NAIDOC Week, 2020. A Tiwi Islands, MSC, culture story, John Fallon MSC
The rise of "no religion" as the most popular religious identifier in the 2016 Australian census attracted so much attention that few noticed Australia's most religious postcodes.
They were Yarrabah, the Tiwi Islands and Palm Island - each Aboriginal communities and former Christian missions - where over 90% of respondents claimed Christianity.
In some ways, the stories of how these communities converted are well known. The Tiwi Islands lie just off the coast to the north of Darwin and the Catholic mission to the Tiwi is famous for its "Bishop with 150 wives." Francis Xavier Gsell, the founder of the mission and self-styled polygamist priest, told of his dealings with the Tiwi people in his memoir of that name.

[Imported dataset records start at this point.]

lemma growth_quotient_mono:
  assumes N: "seminorm N" and a: "0 < N a" and h: "0 < h1" "h1 \<le> h2"
  shows "growth_quotient N a b h1 \<le> growth_quotient N a b h2"
proof -
  define t where "t = h1 / h2"
  have t: "0 < t" "t \<le> 1" using h by (auto simp: t_def)
  have "a + h1 *\<^sub>R b = (1 - t) *\<^sub>R a + t *\<^sub>R (a + h2 *\<^sub>R b)"
    using h by (simp add: t_def algebra_simps)
  then have "N (a + h1 *\<^sub>R b) \<le> N ((1 - t) *\<^sub>R a) + N (t *\<^sub>R (a + h2 *\<^sub>R b))"
    using seminorm_triangle[OF N] by simp
  also have "\<dots> = (1 - t) * N a + t * N (a + h2 *\<^sub>R b)"
    using t by (simp add: seminorm_scaleR[OF N])
  finally have "N (a + h1 *\<^sub>R b) \<le> (1 - t) * N a + t * N (a + h2 *\<^sub>R b)" .
  then have "N (a + h1 *\<^sub>R b) - N a \<le> (h1 / h2) * (N (a + h2 *\<^sub>R b) - N a)"
    by (simp add: t_def algebra_simps)
  then have "(N (a + h1 *\<^sub>R b) - N a) / h1 \<le> (N (a + h2 *\<^sub>R b) - N a) / h2"
    using h by (simp add: field_simps)
  then have "(N (a + h1 *\<^sub>R b) - N a) / h1 / N a \<le> (N (a + h2 *\<^sub>R b) - N a) / h2 / N a"
    by (rule divide_right_mono) (use a in linarith)
  then show ?thesis
    using a h by (simp add: growth_quotient_eq)
qed

lemma growth_quotient_lower_bound:
  assumes N: "seminorm N" and a: "0 < N a" and h: "0 < h"
  shows "- N b / N a \<le> growth_quotient N a b h"
proof -
  have "N a \<le> N (a + h *\<^sub>R b) + N ((-h) *\<^sub>R b)"
    using seminorm_triangle[OF N, of "a + h *\<^sub>R b" "(-h) *\<^sub>R b"] by simp
  then have "- N b \<le> (N (a + h *\<^sub>R b) - N a) / h"
    using h seminorm_scaleR[OF N, of "-h" b] by (simp add: field_simps)
  then have "- N b / N a \<le> (N (a + h *\<^sub>R b) - N a) / h / N a"
    by (rule divide_right_mono) (use a in linarith)
  then show ?thesis
    using a h by (simp add: growth_quotient_eq)
qed

lemma Lim_at_right_0_eq_Inf:
  fixes f :: "real \<Rightarrow> 'a::{linorder_topology, conditionally_complete_linorder}"
  assumes mono: "\<And>a b. 0 < a \<Longrightarrow> a \<le> b \<Longrightarrow> f a \<le> f b"
    and bnd: "\<And>a. 0 < a \<Longrightarrow> K \<le> f a"
  shows "Lim (at_right 0) f = Inf (f ` {0<..})"
proof -
  have "(f \<longlongrightarrow> Inf (f ` ({0<..} \<inter> UNIV))) (at 0 within ({0<..} \<inter> UNIV))"
    by (rule Lim_right_bound[where K = K]) (auto intro: mono bnd)
  then show ?thesis
    by (intro tendsto_Lim) (simp_all add: trivial_limit_at_right_real)
qed

lemma Lim_growth_quotient_le:
  assumes N: "seminorm N" and a: "0 < N a" and h: "0 < h"
  shows "Lim (at_right 0) (growth_quotient N a b) \<le> growth_quotient N a b h"
proof -
  have bnd: "\<And>h. 0 < h \<Longrightarrow> - N b / N a \<le> growth_quotient N a b h"
    using growth_quotient_lower_bound[OF N a] .
  have "Lim (at_right 0) (growth_quotient N a b) = Inf (growth_quotient N a b ` {0<..})"
    using growth_quotient_mono[OF N a] bnd by (rule Lim_at_right_0_eq_Inf)
  also have "\<dots> \<le> growth_quotient N a b h"
    using h bnd by (intro cInf_lower bdd_belowI2) auto
  finally show ?thesis .
qed

lemma convex_on_powr_nonneg:
  assumes P: "1 \<le> P" shows "convex_on {0..} (\<lambda>x::real. x powr P)"
proof (rule convex_onI)
  fix t x y :: real
  assume t: "0 < t" "t < 1" and xy: "x \<in> {0..}" "y \<in> {0..}"
  have shrink: "(s * z) powr P \<le> s * z powr P" if "0 \<le> s" "s \<le> 1" "0 \<le> z" for s z :: real
  proof -
    have "s powr P \<le> s" using that P by (cases "s = 0") (auto intro: powr_le_one_le)
    then show ?thesis using that by (simp add: powr_mult mult_right_mono)
  qed
  consider "x = 0" | "y = 0" | "0 < x" "0 < y" using xy by force
  then show "((1 - t) *\<^sub>R x + t *\<^sub>R y) powr P \<le> (1 - t) * x powr P + t * y powr P"
  proof cases
    case 1 then show ?thesis using shrink[of t y] t xy P by simp
  next
    case 2 then show ?thesis using shrink[of "1 - t" x] t xy P by simp
  next
    case 3 then show ?thesis using convex_onD[OF powr_convex[OF P], of t x y] t by simp
  qed
qed simp

lemma convex_on_abs_powr:
  assumes P: "1 \<le> P" shows "convex_on UNIV (\<lambda>x::real. \<bar>x\<bar> powr P)"
proof (rule convex_onI)
  fix t a b :: real
  assume t: "0 < t" "t < 1"
  have "\<bar>(1 - t) * a + t * b\<bar> \<le> (1 - t) * \<bar>a\<bar> + t * \<bar>b\<bar>"
    using t abs_triangle_ineq[of "(1 - t) * a" "t * b"] by (simp add: abs_mult)
  then have "\<bar>(1 - t) * a + t * b\<bar> powr P \<le> ((1 - t) * \<bar>a\<bar> + t * \<bar>b\<bar>) powr P"
    using P by (intro powr_mono2) auto
  also have "\<dots> \<le> (1 - t) * \<bar>a\<bar> powr P + t * \<bar>b\<bar> powr P"
    using convex_onD[OF convex_on_powr_nonneg[OF P], of t "\<bar>a\<bar>" "\<bar>b\<bar>"] t by simp
  finally show "\<bar>(1 - t) *\<^sub>R a + t *\<^sub>R b\<bar> powr P \<le> (1 - t) * \<bar>a\<bar> powr P + t * \<bar>b\<bar> powr P"
    by simp
qed simp

definition lp_norm :: "real \<Rightarrow> real^'n \<Rightarrow> real" where
  "lp_norm P x = (\<Sum>i\<in>UNIV. \<bar>x $ i\<bar> powr P) powr (1 / P)"

lemma lp_norm_nonneg: "0 \<le> lp_norm P x"
  by (simp add: lp_norm_def)

lemma lp_norm_powr:
  assumes "1 \<le> P" shows "lp_norm P x powr P = (\<Sum>i\<in>UNIV. \<bar>x $ i\<bar> powr P)"
  using assms by (simp add: lp_norm_def powr_powr sum_nonneg)

lemma lp_norm_eq_0D:
  assumes P: "1 \<le> P" and "lp_norm P x = 0" shows "x = 0"
proof -
  have "(\<Sum>i\<in>UNIV. \<bar>x $ i\<bar> powr P) = 0" using assms lp_norm_powr[OF P, of x] by simp
  then show ?thesis by (simp add: sum_nonneg_eq_0_iff vec_eq_iff)
qed

lemma lp_norm_scaleR:
  assumes P: "1 \<le> P" shows "lp_norm P (c *\<^sub>R x) = \<bar>c\<bar> * lp_norm P x"
proof -
  have "lp_norm P (c *\<^sub>R x) = (\<bar>c\<bar> powr P) powr (1 / P) * lp_norm P x"
    by (simp add: lp_norm_def abs_mult powr_mult sum_distrib_left[symmetric] sum_nonneg)
  also have "(\<bar>c\<bar> powr P) powr (1 / P) = \<bar>c\<bar>" using P by (simp add: powr_powr)
  finally show ?thesis .
qed

lemma convex_on_lp_norm_powr:
  assumes P: "1 \<le> P" shows "convex_on UNIV (\<lambda>x. lp_norm P x powr P)"
proof (rule convex_onI)
  fix t :: real and x y :: "real^'n"
  assume t: "0 < t" "t < 1"
  have "(\<Sum>i\<in>UNIV. \<bar>((1 - t) *\<^sub>R x + t *\<^sub>R y) $ i\<bar> powr P)
      \<le> (\<Sum>i\<in>UNIV. (1 - t) * \<bar>x $ i\<bar> powr P + t * \<bar>y $ i\<bar> powr P)"
    using convex_onD[OF convex_on_abs_powr[OF P]] t by (intro sum_mono) simp
  then show "lp_norm P ((1 - t) *\<^sub>R x + t *\<^sub>R y) powr P
      \<le> (1 - t) * lp_norm P x powr P + t * lp_norm P y powr P"
    by (simp add: lp_norm_powr[OF P] sum.distrib sum_distrib_left)
qed simp

text \<open>Minkowski's inequality, from convexity of the unit ball: \<open>(x + y) / (a + b)\<close> is the
  convex combination of the unit vectors \<open>x / a\<close> and \<open>y / b\<close> with weights \<open>a / (a + b)\<close>
  and \<open>b / (a + b)\<close>.\<close>
lemma lp_norm_triangle:
  assumes P: "1 \<le> P" shows "lp_norm P (x + y) \<le> lp_norm P x + lp_norm P y"
proof (cases "lp_norm P x = 0 \<or> lp_norm P y = 0")
  case True
  then consider "x = 0" | "y = 0" using lp_norm_eq_0D[OF P] by blast
  then show ?thesis by cases (simp_all add: lp_norm_nonneg)
next
  case False
  define a b where "a = lp_norm P x" and "b = lp_norm P y"
  have a: "0 < a" and b: "0 < b"
    using False lp_norm_nonneg[of P x] lp_norm_nonneg[of P y] by (simp_all add: a_def b_def less_le)
  define t where "t = b / (a + b)"
  have t: "0 \<le> t" "t \<le> 1" using a b by (auto simp: t_def)
  have "(1 - t) * (1 / a) = 1 / (a + b)" and "t * (1 / b) = 1 / (a + b)"
    using a b by (simp_all add: t_def field_simps)
  then have comb: "(1 - t) *\<^sub>R ((1 / a) *\<^sub>R x) + t *\<^sub>R ((1 / b) *\<^sub>R y) = (1 / (a + b)) *\<^sub>R (x + y)"
    by (simp only: scaleR_scaleR scaleR_add_right)
  have "lp_norm P ((1 / (a + b)) *\<^sub>R (x + y)) powr P \<le> (1 - t) * 1 powr P + t * 1 powr P"
    using convex_onD[OF convex_on_lp_norm_powr[OF P] t, of "(1 / a) *\<^sub>R x" "(1 / b) *\<^sub>R y"] a b
    unfolding comb by (simp add: lp_norm_scaleR[OF P] a_def b_def)
  then have "lp_norm P ((1 / (a + b)) *\<^sub>R (x + y)) powr P \<le> 1" by simp
  then have "lp_norm P ((1 / (a + b)) *\<^sub>R (x + y)) \<le> 1"
    using P gr_one_powr[of "lp_norm P ((1 / (a + b)) *\<^sub>R (x + y))" P] by fastforce
  then show ?thesis using a b by (simp add: lp_norm_scaleR[OF P] a_def b_def)
qed

lemma lp_norm_mono:
  assumes "1 \<le> P" and "\<And>i. \<bar>x $ i\<bar> \<le> \<bar>y $ i\<bar>" shows "lp_norm P x \<le> lp_norm P y"
  unfolding lp_norm_def using assms by (intro powr_mono2 sum_mono sum_nonneg) auto

lemma pnorm_finite:
  assumes "1 \<le> p" and "p \<noteq> \<infinity>"
  shows "pnorm p x = lp_norm (real_of_ereal p) x" and "1 \<le> real_of_ereal p"
  using assms by (cases p; simp add: pnorm_def lp_norm_def)+

lemma pnorm_infinity: "pnorm \<infinity> x = Max (range (\<lambda>i. \<bar>x $ i\<bar>))"
  by (simp add: pnorm_def)

lemma seminorm_pnorm:
  assumes p: "1 \<le> p" shows "seminorm (pnorm p)"
proof (cases "p = \<infinity>")
  case True
  show ?thesis
  proof (rule seminormI)
    fix x y :: "real^'a"
    have "\<bar>(x + y) $ i\<bar> \<le> Max (range (\<lambda>i. \<bar>x $ i\<bar>)) + Max (range (\<lambda>i. \<bar>y $ i\<bar>))" for i
    proof -
      have "\<bar>(x + y) $ i\<bar> \<le> \<bar>x $ i\<bar> + \<bar>y $ i\<bar>" by (simp add: abs_triangle_ineq)
      also have "\<dots> \<le> Max (range (\<lambda>i. \<bar>x $ i\<bar>)) + Max (range (\<lambda>i. \<bar>y $ i\<bar>))"
        by (intro add_mono Max_ge) auto
      finally show ?thesis .
    qed
    then show "pnorm p (x + y) \<le> pnorm p x + pnorm p y"
      using True by (simp add: pnorm_infinity Max_le_iff)
  next
    fix c :: real and x :: "real^'a"
    have "Max (((*) \<bar>c\<bar>) ` range (\<lambda>i. \<bar>x $ i\<bar>)) = \<bar>c\<bar> * Max (range (\<lambda>i. \<bar>x $ i\<bar>))"
      by (rule mono_Max_commute[symmetric]) (auto simp: mono_def mult_left_mono)
    then show "pnorm p (c *\<^sub>R x) = \<bar>c\<bar> * pnorm p x"
      using True by (simp add: pnorm_infinity image_image abs_mult)
  qed
next
  case False
  then show ?thesis
    by (intro seminormI) (simp_all add: pnorm_finite[OF p False] lp_norm_triangle lp_norm_scaleR)
qed

lemma pnorm_eq_0D:
  assumes p: "1 \<le> p" and "pnorm p x = 0" shows "x = 0"
proof (cases "p = \<infinity>")
  case True
  have "\<bar>x $ i\<bar> \<le> Max (range (\<lambda>i. \<bar>x $ i\<bar>))" for i by (rule Max_ge) auto
  moreover have "Max (range (\<lambda>i. \<bar>x $ i\<bar>)) = 0" using assms True by (simp add: pnorm_infinity)
  ultimately show ?thesis by (simp add: vec_eq_iff)
next
  case False
  then show ?thesis using assms pnorm_finite[OF p False] lp_norm_eq_0D by metis
qed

After landing on Bathurst Island in 1911, Gsell's strategy to win the Tiwi, he claimed, was to buy the rights to marry Tiwi girls. He paid their fiancees and fathers in cloth, flour and tobacco, bringing girls into the dormitory and later marrying them to a baptised Tiwi man of their choice. In doing so, the mission educated a generation of Tiwi women in the Catholic faith, a faith still held by Tiwi today.
But the Aboriginal side of the story is less known outside these communities. As an historian of missions, I went to the Tiwi wanting to learn their history of Christianity. I expected to hear that, despite the cultural arrogance of missionaries, they creatively fused their culture with the new faith.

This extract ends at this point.